Saved data entries
lemma source_vanishes: "x \<in> Omset \<Omega> h d (Suc k) \<Longrightarrow> source x = 0"
  unfolding source_def
  by (intro kernel_integral_vanishes_away_from_ess_supp_out h_measurable Omset_Suc_far_from_ess_supp_out)

lemma sup_bound_on_subset:
  assumes "X \<subseteq> \<Omega>" "p \<ge> 0" "K \<ge> 0"
    and rhs_bound: "\<And>t B x. t \<in> {0..<T} \<Longrightarrow> \<forall>y\<in>X. \<bar>u y t\<bar> \<le> B \<Longrightarrow> x \<in> X \<Longrightarrow>
                      \<bar>rhs x t\<bar> \<le> 2 * B + K * (T - t) powr - (p + 1)"
  shows "\<exists>C\<ge>0. \<forall>x\<in>X. \<forall>t\<in>{0..<T}. \<bar>u x t\<bar> \<le> C * blowup_rate T p t"
proof -
  obtain A where A: "\<forall>x\<in>\<Omega>. \<bar>u0 x\<bar> \<le> A" using u0_bounded by blast
  note sol = solution[unfolded is_solution_def]
  show ?thesis
  proof (rule sup_bound_by_blowup_rate[where L = 2 and K = K and D = rhs and A = A])
    fix x t assume "x \<in> X" "t \<in> {0..<T}"
    then show "(u x has_real_derivative rhs x t) (at t within {0..<T})"
      using sol \<open>X \<subseteq> \<Omega>\<close> by (auto simp: rhs_def source_def)
  next
    fix t :: real assume "t \<in> {0..<T}"
    then obtain M where "\<forall>y\<in>\<Omega>. \<forall>s\<in>{0..t}. \<bar>u y s\<bar> \<le> M" using sol by blast
    then show "\<exists>M. \<forall>x\<in>X. \<forall>s\<in>{0..t}. \<bar>u x s\<bar> \<le> M" using \<open>X \<subseteq> \<Omega>\<close> by blast
  next
    fix x assume "x \<in> X"
    then show "\<bar>u x 0\<bar> \<le> A" using sol A \<open>X \<subseteq> \<Omega>\<close> by auto
  qed (use assms T_pos T_less_1 in auto)
qed

lemma bound_on_Omset_0:
  "\<exists>C\<ge>0. \<forall>x\<in>Omset \<Omega> h d 0. \<forall>t\<in>{0..<T}. \<bar>u x t\<bar> \<le> C * blowup_rate T (\<alpha> - 1) t"
proof -
  obtain K where "K \<ge> 0" and K: "\<And>x. \<bar>source x\<bar> \<le> K" using source_bounded by blast
  show ?thesis
  proof (rule sup_bound_on_subset[where K = K])
    fix t B x assume t: "t \<in> {0..<T}" and B: "\<forall>y\<in>Omset \<Omega> h d 0. \<bar>u y t\<bar> \<le> B"
      and x: "x \<in> Omset \<Omega> h d 0"
    have "\<bar>LINT y:\<Omega>|lborel. J (x - y) * (u y t - u x t)\<bar> \<le> B + \<bar>u x t\<bar>"
      using B x by (intro abs_nonlocal_diffusion_le) auto
    moreover have "\<bar>(T - t) powr - \<alpha> * source x\<bar> \<le> K * (T - t) powr - \<alpha>"
      using K[of x] by (simp add: abs_mult mult.commute mult_right_mono)
    moreover have "\<bar>u x t\<bar> \<le> B" using B x by blast
    ultimately show "\<bar>rhs x t\<bar> \<le> 2 * B + K * (T - t) powr - (\<alpha> - 1 + 1)"
      unfolding rhs_def by simp
  qed (use \<open>K \<ge> 0\<close> alpha_ge_1 in auto)
qed

lemma bound_on_Omset_Suc:
  assumes "p \<ge> 0" "C \<ge> 0"
    and bound: "\<forall>x\<in>Omset \<Omega> h d k. \<forall>t\<in>{0..<T}. \<bar>u x t\<bar> \<le> C * blowup_rate T (p + 1) t"
  shows "\<exists>C'\<ge>0. \<forall>x\<in>Omset \<Omega> h d (Suc k). \<forall>t\<in>{0..<T}. \<bar>u x t\<bar> \<le> C' * blowup_rate T p t"
proof (rule sup_bound_on_subset[where K = C])
  fix t B x assume t: "t \<in> {0..<T}" and B: "\<forall>y\<in>Omset \<Omega> h d (Suc k). \<bar>u y t\<bar> \<le> B"
    and x: "x \<in> Omset \<Omega> h d (Suc k)"
  have "\<bar>u y t\<bar> \<le> C * (T - t) powr - (p + 1)" if "y \<in> \<Omega>" "dist x y < d" for y
  proof -
    have "y \<in> Omset \<Omega> h d k" using Omset_Suc_near[OF x that] .
    then have "\<bar>u y t\<bar> \<le> C * blowup_rate T (p + 1) t" using bound t by blast
    then show ?thesis using \<open>p \<ge> 0\<close> by (simp add: blowup_rate_def)
  qed
  then have "\<bar>LINT y:\<Omega>|lborel. J (x - y) * (u y t - u x t)\<bar> \<le> C * (T - t) powr - (p + 1) + \<bar>u x t\<bar>"
    using \<open>C \<ge> 0\<close> by (intro abs_nonlocal_diffusion_le) auto
  moreover have "\<bar>u x t\<bar> \<le> B" using B x by blast
  ultimately show "\<bar>rhs x t\<bar> \<le> 2 * B + C * (T - t) powr - (p + 1)"
    unfolding rhs_def source_vanishes[OF x] by simp
qed (use assms Omset_subset[of \<Omega> h d "Suc k"] in auto)

lemma bound_on_Omset:
  "real (Suc k) \<le> \<alpha> \<Longrightarrow>
     \<exists>C\<ge>0. \<forall>x\<in>Omset \<Omega> h d k. \<forall>t\<in>{0..<T}. \<bar>u x t\<bar> \<le> C * blowup_rate T (\<alpha> - Suc k) t"
proof (induction k)
  case 0
  then show ?case using bound_on_Omset_0 by simp
next
  case (Suc k)
  then obtain C where "C \<ge> 0"
    and "\<forall>x\<in>Omset \<Omega> h d k. \<forall>t\<in>{0..<T}. \<bar>u x t\<bar> \<le> C * blowup_rate T ((\<alpha> - Suc (Suc k)) + 1) t"
    by (auto simp: algebra_simps)
  then show ?case using Suc.prems by (intro bound_on_Omset_Suc) auto
qed

lemma uniform_bound_on_Omset:
  "\<exists>C. \<forall>i. 1 \<le> i \<longrightarrow> real i \<le> \<alpha> \<longrightarrow>
     (\<forall>x\<in>Omset \<Omega> h d (i - 1). \<forall>t\<in>{0..<T}. \<bar>u x t\<bar> \<le> C * blowup_rate T (\<alpha> - i) t)"
proof -
  define I where "I = {i. 1 \<le> i \<and> real i \<le> \<alpha>}"
  have "finite I" unfolding I_def
    by (rule finite_subset[of _ "{..nat \<lfloor>\<alpha>\<rfloor>}"]) (auto simp: le_nat_iff le_floor_iff)
  have "\<forall>i\<in>I. \<exists>C\<ge>0. \<forall>x\<in>Omset \<Omega> h d (i - 1). \<forall>t\<in>{0..<T}. \<bar>u x t\<bar> \<le> C * blowup_rate T (\<alpha> - i) t"
  proof
    fix i assume "i \<in> I"
    then obtain k where "i = Suc k" "real (Suc k) \<le> \<alpha>" by (cases i) (auto simp: I_def)
    then show "\<exists>C\<ge>0. \<forall>x\<in>Omset \<Omega> h d (i - 1). \<forall>t\<in>{0..<T}. \<bar>u x t\<bar> \<le> C * blowup_rate T (\<alpha> - i) t"
      using bound_on_Omset[of k] by simp
  qed
  then obtain Cf where Cf: "\<And>i. i \<in> I \<Longrightarrow> 0 \<le> Cf i \<and> (\<forall>x\<in>Omset \<Omega> h d (i - 1). \<forall>t\<in>{0..<T}.
      \<bar>u x t\<bar> \<le> Cf i * blowup_rate T (\<alpha> - i) t)"
    by metis
  have "\<bar>u x t\<bar> \<le> sum Cf I * blowup_rate T (\<alpha> - i) t"
    if "i \<in> I" "x \<in> Omset \<Omega> h d (i - 1)" "t \<in> {0..<T}" for i x t
  proof -
    have "\<bar>u x t\<bar> \<le> Cf i * blowup_rate T (\<alpha> - i) t" using Cf that by blast
    also have "\<dots> \<le> sum Cf I * blowup_rate T (\<alpha> - i) t"
      using that Cf \<open>finite I\<close> less_imp_le[OF blowup_rate_pos[OF T_pos T_less_1]]
      by (intro mult_right_mono member_le_sum) auto
    finally show ?thesis .
  qed
  then show ?thesis by (intro exI[of _ "sum Cf I"]) (auto simp: I_def)
qed

end

theorem lemma4p2:
  fixes \<Omega> :: "(real ^ 'n) set"
    and J h u0 :: "real ^ 'n \<Rightarrow> real"
    and u :: "real ^ 'n \<Rightarrow> real \<Rightarrow> real"
    and d T \<alpha> :: real
  assumes dom: "smooth_domain \<Omega>"
    and J_meas: "J \<in> borel_measurable lborel"
    and J_bdd: "\<exists>M. \<forall>z. \<bar>J z\<bar> \<le> M"
    and J_nonneg: "\<forall>z. J z \<ge> 0"
    and J_sym: "\<forall>z. J (- z) = J z"
    and J_int: "integrable lborel J" "(LINT z|lborel. J z) = 1"
    and d_pos: "d > 0"
    and J_pos: "\<forall>z. norm z < d \<longrightarrow> J z > 0"
    and J_zero: "\<forall>z. norm z \<ge> d \<longrightarrow> J z = 0"
    and T: "0 < T" "T < 1"
    and alpha: "\<alpha> \<ge> 1"
    and h_meas: "set_borel_measurable lborel (UNIV - \<Omega>) h"
    and h_bdd: "\<exists>M. \<forall>y\<in>UNIV - \<Omega>. \<bar>h y\<bar> \<le> M"
    and h_nonneg: "\<forall>y\<in>UNIV - \<Omega>. h y \<ge> 0"
    and h_pos: "(LINT x:\<Omega>|lborel. (LINT y:(UNIV - \<Omega>)|lborel. J (x - y) * h y)) > 0"
    and u0_meas: "set_borel_measurable lborel \<Omega> u0"
    and u0_bdd: "\<exists>M. \<forall>x\<in>\<Omega>. \<bar>u0 x\<bar> \<le> M"
    and u0_nonneg: "\<forall>x\<in>\<Omega>. u0 x \<ge> 0"
    and sol: "is_solution \<Omega> J h T \<alpha> u0 u"
  shows "\<exists>C. \<forall>i::nat. \<forall>t\<in>{0..<T}. \<forall>x\<in>Omset \<Omega> h d (i - 1).
           1 \<le> i \<and> real i \<le> \<alpha> \<longrightarrow>
             (real i \<noteq> \<alpha> \<longrightarrow> u x t \<le> C / (T - t) powr (\<alpha> - real i)) \<and>
             (real i = \<alpha> \<longrightarrow> u x t \<le> - C * ln (T - t))"
proof -
  interpret nonlocal_problem J d \<Omega> h u0 T \<alpha> u
    using assms by unfold_locales auto
  obtain C where C: "\<And>i x t. 1 \<le> i \<Longrightarrow> real i \<le> \<alpha> \<Longrightarrow> x \<in> Omset \<Omega> h d (i - 1) \<Longrightarrow> t \<in> {0..<T} \<Longrightarrow>
      u x t \<le> C * blowup_rate T (\<alpha> - i) t"
    using uniform_bound_on_Omset abs_le_D1 by meson
  show ?thesis
  proof (intro exI[of _ C] allI ballI impI conjI)
    fix i :: nat and t x assume "t \<in> {0..<T}" "x \<in> Omset \<Omega> h d (i - 1)" "1 \<le> i \<and> real i \<le> \<alpha>"
    then have "u x t \<le> C * blowup_rate T (\<alpha> - i) t" using C by blast
    then show "real i \<noteq> \<alpha> \<Longrightarrow> u x t \<le> C / (T - t) powr (\<alpha> - real i)"
      and "real i = \<alpha> \<Longrightarrow> u x t \<le> - C * ln (T - t)"
      using powr_minus_divide[of "T - t" "\<alpha> - i"] by (auto simp: blowup_rate_def)
  qed
qed

end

**EXERCISE GOAL**
Above are some records; copy each line there that contains "assms".

**ANSWER TO THIS PROBLEM**
  qed (use assms T_pos T_less_1 in auto)
qed (use assms Omset_subset[of \<Omega> h d "Suc k"] in auto)
    using assms by unfold_locales auto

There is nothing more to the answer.